OpsGuide/Cloud Controller and Storage Proxy Failures and Maintenance

The cloud controller and storage proxy are very similar to each other when it comes to expected and unexpected downtime. One of each server type typically runs in the cloud, which makes them very noticeable when they are not running.

For the cloud controller, the good news is if your cloud is using the FlatDHCP multi-host HA network mode, existing instances and volumes continue to operate while the cloud controller is offline. For the storage proxy, however, no storage traffic is possible until it is back up and running.

Planned Maintenance

One way to plan for cloud controller or storage proxy maintenance is to simply do it off-hours, such as at 1 a.m. or 2 a.m. This strategy affects fewer users. If your cloud controller or storage proxy is too important to have unavailable at any point in time, you must look into high-availability options.

Rebooting a Cloud Controller or Storage Proxy

All in all, just issue the reboot command. The operating system cleanly shuts down services and then automatically reboots. If you want to be very thorough, run your backup jobs just before you reboot.

After a cloud controller reboots, ensure that all required services were successfully started. The following commands use ps and grep to determine if nova, glance, and keystone are currently running:

# ps aux | grep nova-
# ps aux | grep glance-
# ps aux | grep keystone
# ps aux | grep cinder

Also check that all services are functioning. The following set of commands sources the openrc file, then runs some basic glance, nova, and openstack commands. If the commands work as expected, you can be confident that those services are in working condition:

# . openrc
# openstack image list
# openstack server list
# openstack project list

For the storage proxy, ensure that the Object Storage service has resumed:

# ps aux | grep swift

Also check that it is functioning:

# swift stat

Total Cloud Controller Failure

The cloud controller could completely fail if, for example, its motherboard goes bad. Users will immediately notice the loss of a cloud controller since it provides core functionality to your cloud environment. If your infrastructure monitoring does not alert you that your cloud controller has failed, your users definitely will. Unfortunately, this is a rough situation. The cloud controller is an integral part of your cloud. If you have only one controller, you will have many missing services if it goes down.

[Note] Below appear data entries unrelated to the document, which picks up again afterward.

section \<open>The estimate for an arbitrary partition of the coefficients\<close>

lemma rip_decomposition_bound:
  fixes D :: "real ^ 'd ^ 'n" and A :: "real ^ 'n ^ 'm" and v :: "'j \<Rightarrow> real ^ 'd"
  assumes frame: "is_frame D L U" "0 < L" and q: "0 < q" "q \<le> 1"
    and rip0: "dq_rip A D q k \<delta>k" and rip: "dq_rip A D q a \<delta>a" and "finite J"
    and h: "h = dagger D *v (v0 + (\<Sum>j\<in>J. v j))"
    and sparse: "card {i. v0 $ i \<noteq> 0} \<le> k" "\<forall>j\<in>J. card {i. v j $ i \<noteq> 0} \<le> a"
  shows "(1 - \<delta>k) * norm (dagger D *v v0) powr q
    \<le> qnorm_q q (A *v h) + (1 + \<delta>a) * L powr (- q / 2) * (\<Sum>j\<in>J. norm (v j) powr q)"
proof -
  have lin: "M *v (\<Sum>j\<in>J. z j) = (\<Sum>j\<in>J. M *v z j)" for M :: "real ^ 'c ^ 'r" and z
    by (rule linear_sum[OF matrix_vector_mul_linear])
  have "A *v (dagger D *v v0) = A *v h - (\<Sum>j\<in>J. A *v (dagger D *v v j))"
    unfolding h by (simp add: matrix_vector_right_distrib lin)
  then have "qnorm_q q (A *v (dagger D *v v0))
      \<le> qnorm_q q (A *v h) + qnorm_q q (\<Sum>j\<in>J. A *v (dagger D *v v j))"
    using qnorm_q_diff_le[OF q] by simp
  with rip0 sparse(1) have "(1 - \<delta>k) * norm (dagger D *v v0) powr q
      \<le> qnorm_q q (A *v h) + qnorm_q q (\<Sum>j\<in>J. A *v (dagger D *v v j))"
    unfolding dq_rip_def by (meson order_trans)
  also have "\<dots> \<le> qnorm_q q (A *v h) + (\<Sum>j\<in>J. qnorm_q q (A *v (dagger D *v v j)))"
    using qnorm_q_sum_le[OF \<open>finite J\<close> q] by (rule add_left_mono)
  also have "\<dots> \<le> qnorm_q q (A *v h) + (\<Sum>j\<in>J. (1 + \<delta>a) * (L powr (- q / 2) * norm (v j) powr q))"
  proof (intro add_left_mono sum_mono)
    fix j assume "j \<in> J"
    then have "qnorm_q q (A *v (dagger D *v v j)) \<le> (1 + \<delta>a) * norm (dagger D *v v j) powr q"
      using rip sparse(2) unfolding dq_rip_def by blast
    also have "\<dots> \<le> (1 + \<delta>a) * (L powr (- q / 2) * norm (v j) powr q)"
      using rip norm_dagger_powr_le[OF frame q(1)] by (intro mult_left_mono) (auto simp: dq_rip_def)
    finally show "qnorm_q q (A *v (dagger D *v v j)) \<le> \<dots>" .
  qed
  finally show ?thesis by (simp add: sum_distrib_left mult.assoc)
qed

lemma quadratic_le_root:
  fixes t c \<rho> :: real
  assumes "0 \<le> c" "0 \<le> \<rho>" "t\<^sup>2 \<le> c * t + c\<^sup>2 * \<rho>"
  shows "t \<le> c * (1 + sqrt (1 + 4 * \<rho>)) / 2"
proof (rule ccontr)
  define E where "E = c * (1 + sqrt (1 + 4 * \<rho>)) / 2"
  assume "\<not> t \<le> c * (1 + sqrt (1 + 4 * \<rho>)) / 2"
  then have "E < t" unfolding E_def by simp
  have "1 \<le> sqrt (1 + 4 * \<rho>)" using assms by simp
  then have "c \<le> E" unfolding E_def using assms by (simp add: mult_left_mono[of 1 _ c, simplified] field_simps)
  have "(sqrt (1 + 4 * \<rho>))\<^sup>2 = 1 + 4 * \<rho>" using assms by simp
  then have "t\<^sup>2 - c * t - c\<^sup>2 * \<rho> = (t - E) * (t + E - c)"
    unfolding E_def by (simp add: power2_eq_square algebra_simps)
  also have "\<dots> > 0" using \<open>E < t\<close> \<open>c \<le> E\<close> assms by (intro mult_pos_pos) auto
  finally show False using assms by simp
qed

To avoid this situation, create a highly available cloud controller cluster. This is outside the scope of this document, but you can read more in the OpenStack High Availability Guide.

The next best approach is to use a configuration-management tool, such as Puppet, to automatically build a cloud controller. This should not take more than 15 minutes if you have a spare server available. After the controller rebuilds, restore any backups taken (see Backup and Recovery).

Also, in practice, the nova-compute services on the compute nodes do not always reconnect cleanly to rabbitmq hosted on the controller when it comes back up after a long reboot; a restart on the nova services on the compute nodes is required.